One thing I know, missional lifestyles are not lived in isolation. Being missional requires relationship with others. Facebook has a limit on the number of “friends” one can have. Ed Stetzer became a “big deal” when his friends numbered 5000. (You can laugh with Ed by clicking here.) In reality, probably none of us could have that many true “friends.” The number of persons in whom we can invest and be invested emotionally is much lower. It is in the smaller group that authentic relationships develop; those that move beyond superficial to significant. Without community we are incomplete. Yet community carries a price tag that is too great for many.
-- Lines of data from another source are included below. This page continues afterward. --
lemma closedin_composable_pairs: "closedin (prod_topology TG TG) (composable_pairs TG tg sc)"
proof -
  have "continuous_map (prod_topology TG TG) (prod_topology TM TM) (\<lambda>p. (sc (fst p), tg (snd p)))"
    by (intro continuous_map_pairedI continuous_map_compose[OF continuous_map_fst continuous_map_sc, unfolded o_def]
        continuous_map_compose[OF continuous_map_snd continuous_map_tg, unfolded o_def])
  moreover have "closedin (prod_topology TM TM) ((\<lambda>x. (x, x)) ` topspace TM)"
    using Hausdorff_objects Hausdorff_space_closedin_diagonal by blast
  ultimately have "closedin (prod_topology TG TG)
      {p \<in> topspace (prod_topology TG TG). (sc (fst p), tg (snd p)) \<in> (\<lambda>x. (x, x)) ` topspace TM}"
    by (rule closedin_continuous_map_preimage)
  moreover have "{p \<in> topspace (prod_topology TG TG). (sc (fst p), tg (snd p)) \<in> (\<lambda>x. (x, x)) ` topspace TM}
      = composable_pairs TG tg sc"
    unfolding composable_pairs_def by (auto simp: tg_in image_iff)
  ultimately show ?thesis
    by simp
qed

lemma compactin_setmul:
  assumes A: "compactin TG A" and B: "compactin TG B"
  shows "compactin TG (A \<cdot> B)"
proof -
  define P where "P = (A \<times> B) \<inter> composable_pairs TG tg sc"
  have "compactin (prod_topology TG TG) (A \<times> B)"
    using A B by (simp add: compactin_Times)
  then have "compactin (prod_topology TG TG) P"
    unfolding P_def using closedin_composable_pairs by (rule compact_Int_closedin)
  then have "compactin (subtopology (prod_topology TG TG) (composable_pairs TG tg sc)) P"
    by (simp add: compactin_subtopology P_def)
  then have "compactin TG ((\<lambda>(g, h). mul g h) ` P)"
    using continuous_map_mul image_compactin by blast
  moreover have "(\<lambda>(g, h). mul g h) ` P = A \<cdot> B"
    using compactin_subset_topspace[OF A] compactin_subset_topspace[OF B]
    unfolding P_def setmul_def composable_pairs_def by auto
  ultimately show ?thesis
    by simp
qed

lemma compactly_bounded_setmul:
  assumes "compactly_bounded TG A" and "compactly_bounded TG B"
  shows "compactly_bounded TG (A \<cdot> B)"
proof -
  obtain KA KB where "compactin TG KA" "A \<subseteq> KA" "compactin TG KB" "B \<subseteq> KB"
    using assms unfolding compactly_bounded_def by blast
  then have "compactin TG (KA \<cdot> KB)" "A \<cdot> B \<subseteq> KA \<cdot> KB"
    by (simp_all add: compactin_setmul setmul_mono)
  then show ?thesis
    unfolding compactly_bounded_def by blast
qed

lemma compactin_translation_bounded:
  assumes "compactin TG K"
  shows "K \<in> translation_bounded"
proof -
  have "compactly_bounded TG (L \<cdot> K \<union> K \<cdot> L)" if "compactin TG L" for L
    using that assms by (simp add: compactly_bounded_Un_iff compactin_imp_compactly_bounded compactin_setmul)
  with compactin_subset_topspace[OF assms] show ?thesis
    unfolding translation_bounded_def by blast
qed

lemma proper_bounded_subset_translation_bounded: "proper_bounded \<subseteq> translation_bounded"
proof
  fix B assume "B \<in> proper_bounded"
  then have Btop: "B \<subseteq> topspace TG"
    and over: "\<And>L. compactin TM L \<Longrightarrow>
      compactly_bounded TG {g\<in>B. tg g \<in> L} \<and> compactly_bounded TG {g\<in>B. sc g \<in> L}"
    unfolding proper_bounded_def compactly_bounded_Un_iff by auto
  have "compactly_bounded TG (K \<cdot> B \<union> B \<cdot> K)" if K: "compactin TG K" for K
  proof (rule compactly_bounded_subset)
    have "compactly_bounded TG {g\<in>B. tg g \<in> sc ` K}"
      using over[OF image_compactin[OF K continuous_map_sc]] by blast
    moreover have "compactly_bounded TG {g\<in>B. sc g \<in> tg ` K}"
      using over[OF image_compactin[OF K continuous_map_tg]] by blast
    ultimately show "compactly_bounded TG (K \<cdot> {g\<in>B. tg g \<in> sc ` K} \<union> {g\<in>B. sc g \<in> tg ` K} \<cdot> K)"
      using compactin_imp_compactly_bounded[OF K]
      by (simp add: compactly_bounded_Un_iff compactly_bounded_setmul)
    show "K \<cdot> B \<union> B \<cdot> K \<subseteq> K \<cdot> {g\<in>B. tg g \<in> sc ` K} \<union> {g\<in>B. sc g \<in> tg ` K} \<cdot> K"
      using setmul_subset_over_sources setmul_subset_over_targets by (rule Un_mono)
  qed
  with Btop show "B \<in> translation_bounded"
    unfolding translation_bounded_def by blast
qed

lemma translation_bounded_eq_proper_bounded: "translation_bounded = proper_bounded"
  using translation_bounded_subset_proper_bounded proper_bounded_subset_translation_bounded
  by (rule antisym)

lemma bornology_translation_bounded: "bornology (topspace TG) translation_bounded"
  unfolding bornology_def
proof (intro conjI ballI allI impI)
  show "translation_bounded \<subseteq> Pow (topspace TG)"
    unfolding translation_bounded_def by blast
  show "{} \<in> translation_bounded"
    by (simp add: compactin_translation_bounded)
  show "\<Union> translation_bounded = topspace TG"
  proof
    show "\<Union> translation_bounded \<subseteq> topspace TG"
      unfolding translation_bounded_def by blast
    show "topspace TG \<subseteq> \<Union> translation_bounded"
      using compactin_translation_bounded[of "{_}"] by auto
  qed
qed (auto intro: translation_bounded_downward_closed translation_bounded_Un)

lemma compatible_bornology_translation_bounded:
  "compatible_bornology tg sc iv mul translation_bounded"
  unfolding compatible_bornology_def
proof (intro conjI ballI)
  show "iv ` B \<in> translation_bounded" if "B \<in> translation_bounded" for B
    using that inverse_proper_bounded by (simp add: translation_bounded_eq_proper_bounded)
  show "B \<cdot> C \<in> translation_bounded" if "B \<in> translation_bounded" "C \<in> translation_bounded" for B C
    using that by (rule setmul_translation_bounded)
qed

lemma base_bounded_translation_bounded: "base_bounded (topspace TM) un translation_bounded"
  unfolding base_bounded_def translation_bounded_eq_proper_bounded
  by (rule units_proper_bounded)

end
Hugh Halter and Matt Smay got it right: “Everyone’s talking about community. Everyone seems to want it, most complain if they don’t find it, but it’s harder to pull off than you think.”(From the introduction to The Tangible Kingdom Primer) Where have you experienced real community? Do you currently have a relational community whom you trust completely? Do the words “church” and “community” intersect for you? If so, how? If not, why?

I look forward to dialogue about “missional community” with people like you who are on the journey at VERGE on February 4-6 in Austin, Texas. I’ll see you there.


Lisa M. said...

I've often wondered if people use social networking to feel connected without actually being connected, without opening up and dropping the mask. Much like eating a restaurant meal used to be dining out and now it's the drive thru.

Missional Church Center said...

Interesting thoughts Lisa. Connected without connection's price?